Content starts

lemma even_card_crossing:
  assumes "finite B" "f ` B = B" "inj_on f B"
  shows "even (card {y \<in> B. (y \<in> A) \<noteq> (f y \<in> A)})"
proof -
  define P where "P = {y \<in> B. y \<in> A \<and> f y \<notin> A}"
  define Q where "Q = {y \<in> B. y \<notin> A \<and> f y \<in> A}"
  define R where "R = {y \<in> B. y \<in> A \<and> f y \<in> A}"
  have fin: "finite P" "finite Q" "finite R" unfolding P_def Q_def R_def
    by (rule finite_subset[OF _ assms(1)], blast)+
  have RP: "R \<union> P = {y \<in> B. y \<in> A}" and RQ: "R \<union> Q = {y \<in> B. f y \<in> A}"
    unfolding P_def Q_def R_def by auto
  have "f ` {y \<in> B. f y \<in> A} = {y \<in> B. y \<in> A}"
  proof
    show "f ` {y \<in> B. f y \<in> A} \<subseteq> {y \<in> B. y \<in> A}" using assms(2) by auto
    show "{y \<in> B. y \<in> A} \<subseteq> f ` {y \<in> B. f y \<in> A}"
    proof
      fix z assume z: "z \<in> {y \<in> B. y \<in> A}"
      then have "z \<in> f ` B" using assms(2) by simp
      then obtain y where "y \<in> B" "z = f y" by blast
      then show "z \<in> f ` {y \<in> B. f y \<in> A}" using z by auto
    qed
  qed
  moreover have "inj_on f {y \<in> B. f y \<in> A}" by (rule inj_on_subset[OF assms(3)]) auto
  ultimately have "card (R \<union> P) = card (R \<union> Q)" unfolding RP RQ by (metis card_image)
  moreover have "card (R \<union> P) = card R + card P"
    by (rule card_Un_disjoint) (use fin in \<open>auto simp: R_def P_def\<close>)
  moreover have "card (R \<union> Q) = card R + card Q"
    by (rule card_Un_disjoint) (use fin in \<open>auto simp: R_def Q_def\<close>)
  moreover have "card (P \<union> Q) = card P + card Q"
    by (rule card_Un_disjoint) (use fin in \<open>auto simp: P_def Q_def\<close>)
  moreover have "{y \<in> B. (y \<in> A) \<noteq> (f y \<in> A)} = P \<union> Q" unfolding P_def Q_def by blast
  ultimately show ?thesis by simp
qed

lemma card_eq_twice_card_edges:
  assumes cm: "comb_map D \<alpha> \<sigma>" and B: "B \<subseteq> D" "\<forall>d\<in>B. \<alpha> d \<in> B"
  shows "card B = 2 * card ((\<lambda>d. {d, \<alpha> d}) ` B)"
proof -
  let ?X = "(\<lambda>d. {d, \<alpha> d}) ` B"
  have edge_eq: "{d, \<alpha> d} = {z, \<alpha> z}" if "z \<in> {d, \<alpha> d}" for d z
    using that comb_map_alpha_alpha[OF cm] by auto
  have "finite B" using B(1) cm finite_subset unfolding comb_map_def by blast
  have "\<Union>?X = B" using B(2) by auto
  moreover have "pairwise disjnt ?X"
    unfolding pairwise_def disjnt_def using edge_eq by blast
  then have "card (\<Union>?X) = sum card ?X"
    by (rule card_Union_disjoint) (use \<open>finite B\<close> in auto)
  moreover have "card x = 2" if x: "x \<in> ?X" for x
  proof -
    obtain d where "d \<in> B" "x = {d, \<alpha> d}" using x by auto
    moreover have "\<alpha> d \<noteq> d" using \<open>d \<in> B\<close> B(1) cm unfolding comb_map_def by auto
    ultimately show ?thesis by auto
  qed
  ultimately show ?thesis by simp
qed

lemma orbit_eq_if_mem: "permutation f \<Longrightarrow> y \<in> orbit f x \<Longrightarrow> orbit f y = orbit f x"
  by (rule orbit_cyclic_eq3[OF cyclic_on_orbit'])

lemma card_vertices_crossing:
  assumes cm: "comb_map D \<alpha> \<sigma>" and "B \<subseteq> D"
    and cross: "\<forall>d\<in>D. d \<in> B \<longleftrightarrow> (d \<in> A) \<noteq> (\<sigma> d \<in> A)"
  shows "2 * card (map_vertex \<sigma> ` B) \<le> card B"
proof -
  have ps: "permutation \<sigma>" using comb_map_permutation[OF cm] .
  have finD: "finite D" using cm unfolding comb_map_def by simp
  have even: "even (card (v \<inter> B))" and ne: "v \<inter> B \<noteq> {}" and fin: "finite (v \<inter> B)"
    if v: "v \<in> map_vertex \<sigma> ` B" for v
  proof -
    obtain d where d: "d \<in> B" "v = orbit \<sigma> d" using v unfolding map_vertex_def by auto
    have vD: "v \<subseteq> D" using d \<open>B \<subseteq> D\<close> cm unfolding comb_map_def by (metis permutes_orbit_subset subsetD)
    then show "finite (v \<inter> B)" using finD finite_subset by blast
    have inj: "inj_on \<sigma> v" using ps permutation_bijective bij_is_inj inj_on_subset by blast
    have "\<sigma> ` v \<subseteq> v" using d by (auto intro: orbit.step)
    then have "\<sigma> ` v = v" using endo_inj_surj[OF finite_subset[OF vD finD] _ inj] by blast
    moreover have "v \<inter> B = {y \<in> v. (y \<in> A) \<noteq> (\<sigma> y \<in> A)}" using cross vD by auto
    ultimately show "even (card (v \<inter> B))"
      using even_card_crossing[OF finite_subset[OF vD finD] _ inj] by simp
    show "v \<inter> B \<noteq> {}" using d permutation_self_in_orbit[OF ps] by auto
  qed
  have "B = (\<Union>v\<in>map_vertex \<sigma> ` B. v \<inter> B)"
    unfolding map_vertex_def using permutation_self_in_orbit[OF ps] by auto
  moreover have "card (\<Union>v\<in>map_vertex \<sigma> ` B. v \<inter> B) = (\<Sum>v\<in>map_vertex \<sigma> ` B. card (v \<inter> B))"
  proof (rule card_UN_disjoint)
    show "finite (map_vertex \<sigma> ` B)" using \<open>B \<subseteq> D\<close> finD finite_subset by blast
    show "\<forall>v\<in>map_vertex \<sigma> ` B. \<forall>w\<in>map_vertex \<sigma> ` B. v \<noteq> w \<longrightarrow> v \<inter> B \<inter> (w \<inter> B) = {}"
      unfolding map_vertex_def using orbit_eq_if_mem[OF ps] by blast
  qed (use fin in blast)
  moreover have "card (v \<inter> B) \<ge> 2" if "v \<in> map_vertex \<sigma> ` B" for v
    using even[OF that] ne[OF that] fin[OF that] by (metis card_0_eq dvd_imp_le le_neq_implies_less
        less_2_cases not_less_eq_eq odd_one zero_less_iff_neq_zero)
  then have "(\<Sum>v\<in>map_vertex \<sigma> ` B. 2) \<le> (\<Sum>v\<in>map_vertex \<sigma> ` B. card (v \<inter> B))"
    by (rule sum_mono)
  ultimately show ?thesis by simp
qed

lemma card_edges_lt_card_vertices_if_forest:
  assumes cm: "comb_map D \<alpha> \<sigma>" and B: "B \<subseteq> D" "\<forall>d\<in>B. \<alpha> d \<in> B" "B \<noteq> {}"
    and forest: "fin_multigraph.forest (map_vertices D \<sigma>) (primal_ends \<sigma>) ((\<lambda>d. {d, \<alpha> d}) ` B)"
  shows "card ((\<lambda>d. {d, \<alpha> d}) ` B) + 1 \<le> card (map_vertex \<sigma> ` B)"
proof -
  let ?X = "(\<lambda>d. {d, \<alpha> d}) ` B" and ?VX = "map_vertex \<sigma> ` B"
  interpret G: fin_multigraph "map_vertices D \<sigma>" "map_edges D \<alpha>" "primal_ends \<sigma>"
    by (rule fin_multigraph_primal[OF cm])
  have "finite B" using B(1) cm finite_subset unfolding comb_map_def by blast
  interpret K: fin_multigraph ?VX ?X "primal_ends \<sigma>"
  proof
    show "finite ?VX" "finite ?X" using \<open>finite B\<close> by auto
    fix x assume "x \<in> ?X"
    then show "\<exists>u\<in>?VX. \<exists>v\<in>?VX. primal_ends \<sigma> x = {u, v}"
      using B(2) unfolding primal_ends_def by blast
  qed
  have "?VX \<subseteq> map_vertices D \<sigma>" using B(1) unfolding map_vertices_def by auto
  have "K.forest ?X"
    unfolding K.forest_def
  proof
    assume "\<exists>vs es. is_cycle ?VX ?X (primal_ends \<sigma>) vs es"
    then obtain vs es where "is_cycle ?VX ?X (primal_ends \<sigma>) vs es" by blast
    then have "is_cycle (map_vertices D \<sigma>) ?X (primal_ends \<sigma>) vs es"
      using is_cycle_mono \<open>?VX \<subseteq> map_vertices D \<sigma>\<close> by blast
    then show False using forest unfolding G.forest_def by blast
  qed
  moreover have "?VX \<noteq> {}" using B(3) by blast
  ultimately show ?thesis using K.card_forest[of ?X] by blast
qed

text \<open>The boundary darts number twice their edges and at least twice their vertices, while a
  forest has fewer edges than vertices.\<close>
lemma boundary_empty_if_forest:
  assumes cm: "comb_map D \<alpha> \<sigma>" and faces: "\<forall>d\<in>D. d \<in> A \<longleftrightarrow> \<sigma> (\<alpha> d) \<in> A"
    and forest: "fin_multigraph.forest (map_vertices D \<sigma>) (primal_ends \<sigma>)
                   ((\<lambda>d. {d, \<alpha> d}) ` {d \<in> D. (d \<in> A) \<noteq> (\<alpha> d \<in> A)})"
  shows "{d \<in> D. (d \<in> A) \<noteq> (\<alpha> d \<in> A)} = {}"
proof (rule ccontr)
  let ?B = "{d \<in> D. (d \<in> A) \<noteq> (\<alpha> d \<in> A)}"
  assume "?B \<noteq> {}"
  have aa: "\<alpha> (\<alpha> d) = d" for d using comb_map_alpha_alpha[OF cm] .
  have B_alpha: "\<forall>d\<in>?B. \<alpha> d \<in> ?B" using comb_map_alpha_in[OF cm] by (auto simp: aa)
  have "card ?B = 2 * card ((\<lambda>d. {d, \<alpha> d}) ` ?B)"
    by (rule card_eq_twice_card_edges[OF cm _ B_alpha]) auto
  moreover have "2 * card (map_vertex \<sigma> ` ?B) \<le> card ?B"
  proof (rule card_vertices_crossing[OF cm])
    show "\<forall>d\<in>D. d \<in> ?B \<longleftrightarrow> (d \<in> A) \<noteq> (\<sigma> d \<in> A)"
    proof
      fix d assume "d \<in> D"
      then have "\<alpha> d \<in> A \<longleftrightarrow> \<sigma> (\<alpha> (\<alpha> d)) \<in> A" using faces comb_map_alpha_in[OF cm] by blast
      then show "d \<in> ?B \<longleftrightarrow> (d \<in> A) \<noteq> (\<sigma> d \<in> A)" using \<open>d \<in> D\<close> aa by simp
    qed
  qed auto
  moreover have "card ((\<lambda>d. {d, \<alpha> d}) ` ?B) + 1 \<le> card (map_vertex \<sigma> ` ?B)"
    by (rule card_edges_lt_card_vertices_if_forest[OF cm _ B_alpha \<open>?B \<noteq> {}\<close> forest]) auto
  ultimately show False by linarith
qed

lemma union_of_faces_eq_darts:
  assumes cm: "comb_map D \<alpha> \<sigma>" and tr: "map_transitive D \<alpha> \<sigma>"
    and forest: "fin_multigraph.forest (map_vertices D \<sigma>) (primal_ends \<sigma>) S"
    and A: "A \<subseteq> D" "A \<noteq> {}" and faces: "\<forall>d\<in>D. d \<in> A \<longleftrightarrow> \<sigma> (\<alpha> d) \<in> A"
    and cross: "\<forall>d\<in>D. {d, \<alpha> d} \<notin> S \<longrightarrow> (d \<in> A \<longleftrightarrow> \<alpha> d \<in> A)"
  shows "A = D"
proof -
  interpret G: fin_multigraph "map_vertices D \<sigma>" "map_edges D \<alpha>" "primal_ends \<sigma>"
    by (rule fin_multigraph_primal[OF cm])
  have "(\<lambda>d. {d, \<alpha> d}) ` {d \<in> D. (d \<in> A) \<noteq> (\<alpha> d \<in> A)} \<subseteq> S" using cross by blast
  then have "G.forest ((\<lambda>d. {d, \<alpha> d}) ` {d \<in> D. (d \<in> A) \<noteq> (\<alpha> d \<in> A)})"
    by (rule G.forest_mono[OF forest])
  then have no_crossing: "{d \<in> D. (d \<in> A) \<noteq> (\<alpha> d \<in> A)} = {}"
    by (rule boundary_empty_if_forest[OF cm faces])
  have "\<sigma> d \<in> A \<and> \<alpha> d \<in> A" if "d \<in> A" for d
  proof -
    have "\<alpha> d \<in> A" "\<alpha> d \<in> D" using no_crossing that A(1) comb_map_alpha_in[OF cm] by auto
    then have "\<sigma> (\<alpha> (\<alpha> d)) \<in> A" using faces by blast
    then show ?thesis using \<open>\<alpha> d \<in> A\<close> comb_map_alpha_alpha[OF cm] by simp
  qed
  then show ?thesis using tr A unfolding map_transitive_def by blast
qed

lemma connects_dual_complement_of_forest:
  assumes cm: "comb_map D \<alpha> \<sigma>" and tr: "map_transitive D \<alpha> \<sigma>"
    and forest: "fin_multigraph.forest (map_vertices D \<sigma>) (primal_ends \<sigma>) S"
  shows "fin_multigraph.connects (map_faces D \<alpha> \<sigma>) (dual_ends \<alpha> \<sigma>) (map_edges D \<alpha> - S)"
proof -
  interpret H: fin_multigraph "map_faces D \<alpha> \<sigma>" "map_edges D \<alpha>" "dual_ends \<alpha> \<sigma>"
    by (rule fin_multigraph_dual[OF cm])
  let ?E = "map_edges D \<alpha>" and ?face = "map_face \<alpha> \<sigma>"
  have face_in: "?face d \<in> map_faces D \<alpha> \<sigma>" if "d \<in> D" for d
    using that unfolding map_faces_def by auto
  have conn_face: "H.conn (?E - S) (?face d0) (?face d)" if d0: "d0 \<in> D" and d: "d \<in> D" for d0 d
  proof -
    define A where "A = {d \<in> D. H.conn (?E - S) (?face d0) (?face d)}"
    have "?face (\<sigma> (\<alpha> d)) = ?face d" for d
      using permutation_orbit_step[OF comb_map_permutation[OF comb_map_dual[OF cm]], of d]
      unfolding map_face_def by simp
    then have faces: "\<forall>d\<in>D. d \<in> A \<longleftrightarrow> \<sigma> (\<alpha> d) \<in> A"
      using comb_map_sigma_in[OF cm] comb_map_alpha_in[OF cm] unfolding A_def by auto
    have cross: "\<forall>d\<in>D. {d, \<alpha> d} \<notin> S \<longrightarrow> (d \<in> A \<longleftrightarrow> \<alpha> d \<in> A)"
    proof (intro ballI impI)
      fix d assume d: "d \<in> D" and "{d, \<alpha> d} \<notin> S"
      then have "{d, \<alpha> d} \<in> ?E - S" unfolding map_edges_def by auto
      moreover have "dual_ends \<alpha> \<sigma> {d, \<alpha> d} = {?face d, ?face (\<alpha> d)}"
        unfolding dual_ends_def by simp
      ultimately have edge: "H.conn (?E - S) (?face d) (?face (\<alpha> d))"
        using face_in[OF d] face_in[OF comb_map_alpha_in[OF cm d]] by (rule H.conn_edge)
      show "d \<in> A \<longleftrightarrow> \<alpha> d \<in> A"
        using H.conn_trans[OF _ edge] H.conn_trans[OF _ H.conn_sym[OF edge]]
          d comb_map_alpha_in[OF cm d] unfolding A_def by blast
    qed
    have "d0 \<in> A" using d0 H.conn_refl face_in unfolding A_def by blast
    then have "A = D"
      by (intro union_of_faces_eq_darts[OF cm tr forest _ _ faces cross]) (auto simp: A_def)
    then show ?thesis using d unfolding A_def by blast
  qed
  show ?thesis unfolding H.connects_def
  proof (intro ballI)
    fix p q assume "p \<in> map_faces D \<alpha> \<sigma>" "q \<in> map_faces D \<alpha> \<sigma>"
    then obtain d0 d1 where "d0 \<in> D" "p = ?face d0" "d1 \<in> D" "q = ?face d1"
      unfolding map_faces_def by auto
    then show "H.conn (?E - S) p q" using conn_face by blast
  qed
qed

Content ends

What needs to be done |
Both the first line of the records above and the line containing "define P where" are to be transcribed exactly, together with every line between them, and nothing else.

Worked solution |
lemma even_card_crossing:
  assumes "finite B" "f ` B = B" "inj_on f B"
  shows "even (card {y \<in> B. (y \<in> A) \<noteq> (f y \<in> A)})"
proof -
  define P where "P = {y \<in> B. y \<in> A \<and> f y \<notin> A}"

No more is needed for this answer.